Why More Companies Should Submit To Peer Review

Editor’s note: Michael Housman is chief analytics officer at Evolv, a startup that uses predictive analytics and academic research to improve hiring and managing people.

Academia is governed by a process called “peer review,” which ensures research is validated and reasoning is sound. More simply, it weeds out the real insights from the fluff. Meanwhile, most corporate data (think surveys, white papers), is made public after only an internal, inherently biased review. With recent backlash toward Facebook’s emotions experiment, being cognizant and transparent with data is more important than ever.

As an academic, my expectation when I joined the private sector was that the white papers and collateral released by companies in this space would be based on large sample sizes, best-in-class empirical methods and rigorous interpretation. Suffice to say, that was not the case.

There are relatively few tech companies that support analytics-minded academics and are willing to put in the time to hold the company’s work accountable to a much higher standard. Peer review is an incredibly time-intensive process, but worth it for stronger, more accurate content. And though recent news of a “peer review ring” does show the system isn’t without its faults, with technology’s help, the methods can scale. Here are my top three reasons why companies should invest in academic peer review.

Content Is More Credible

In the peer-review process, once a team of researchers has completed a paper, they submit it to a journal that then circulates it to two to three peer experts for critique. Academic journals use a double-blind process so the authors don’t know the identity of the reviewers and vice versa, with the intention being to ensure that the process is as rigorous and objective as possible.

Although the finished product is inevitably better than the initial submission, the process requires a tremendous amount of work, and can last as long as two years from start to finish. Utilizing a process even near this intensive ensures that research is really real. Outside, educated analysis makes sure that the facts and framing are sound and not biased. This adds much more credibility to content than, say, a survey revealing the importance of secure storage, vetted by a security software vendor.

Thought Leadership Is More Authentic

Clearly most companies will choose to conduct research and develop content in areas relevant to their business – it makes sense to grow voice and market share in your space. But there is a fine line between self-serving and authentically helpful content that benefits current and potential customers. A company isn’t just saying it knows about a space; it is offering concrete evidence validated by others.

The Bar for Ethics and Accuracy Rises

In my role as a chief analytics officer, I often play internal referee – I refuse to release any research from our big dataset that wouldn’t be submitted to a top-tier academic journal. That means I’m responsible for both suppressing good content that isn’t sufficiently backed up by the science, as well as releasing unpopular results when that’s what the data says. This process substantiates our data.

Even if readers of our researchers do not perceive the difference between including fixed effects or clustering standard errors, they appreciate the value of the quality of analytical methods used and knowing what they are reading is truly fact-based. The spurious conclusions companies share in the public domain can sometimes be appalling. Since individuals and companies often base actual purchase decisions on this research, the improper actions and decisions that may result from fluffed up facts are of concern.
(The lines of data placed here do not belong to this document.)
lemma sub_fixpoint_iff_edge_constraints:
  fixes x :: "'n \<Rightarrow> ereal" and r :: "('n, 'm, 'r) edge \<Rightarrow> real"
  assumes fin: "\<forall>u. x u \<noteq> \<infinity>"
    and ab: "\<And>v h w. (MinV v, h) \<in> E \<Longrightarrow> pe E q (MinV v, h) (MaxV w) =
        (if w = fst (ab v h) then 1/2 else 0) + (if w = snd (ab v h) then 1/2 else 0)"
  defines "S \<equiv> trop_form (\<lambda>a u. (MaxV a, MinV u) \<in> E) (\<lambda>a u. r (MaxV a, MinV u)) x"
  shows "(\<forall>v. x v \<le> game_op E r q x v) \<longleftrightarrow>
    (\<forall>v h. (MinV v, h) \<in> E \<longrightarrow> 2 * (ereal (- r (MinV v, h)) + x v) \<le> S (fst (ab v h)) + S (snd (ab v h)))"
proof -
  have "x v \<le> ereal (r (MinV v, h)) +
       (\<Sum>w \<in> {w. pe E q (MinV v, h) (MaxV w) > 0}. ereal (pe E q (MinV v, h) (MaxV w)) * max_part E r q x w)
    \<longleftrightarrow> 2 * (ereal (- r (MinV v, h)) + x v) \<le> S (fst (ab v h)) + S (snd (ab v h))"
    if "(MinV v, h) \<in> E" for v h
  proof -
    have "(\<Sum>w \<in> {w. pe E q (MinV v, h) (MaxV w) > 0}. ereal (pe E q (MinV v, h) (MaxV w)) * max_part E r q x w)
      = ereal (1/2) * S (fst (ab v h)) + ereal (1/2) * S (snd (ab v h))"
      unfolding sum_half_indicators[OF allI[OF ab[OF that]]] S_def max_part_eq_trop_form ..
    moreover have "S a \<noteq> \<infinity>" for a unfolding S_def by (rule trop_form_not_infty[OF fin])
    ultimately show ?thesis using le_plus_half_sum_iff fin by simp
  qed
  then show ?thesis by (auto simp: le_game_op_iff)
qed

end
The level of rigor that goes into academic papers versus industry papers represents two extremes. One is a highly regimented process that can require many months or years of painstaking work in order to button up the analysis to an incredibly exacting level of detail. And in the other there is no quality-control process at all; analysts can literally release whatever they want into the world without being forced to explain their methods, present raw results or release their data if an outside party wishes to replicate their results.

My hope is that the tech industry can find a middle ground. We should educate the public about how to be more scrutinizing consumers of research – teach people to ask the right questions and look for the answers that have substance. It’s not only the higher-integrity path but also the logical one, as it plays to our strengths as technologists and innovators.

We’ve already seen results in the technology industry that have similar ethos, such as open source projects, which have given us a better infrastructure on the web, in databases and more. We can take that system, implement academic rigor and detail and keep those peer-review circles open, transparent and diverse. Close and careful scrutiny on the back-end will only benefit the industry.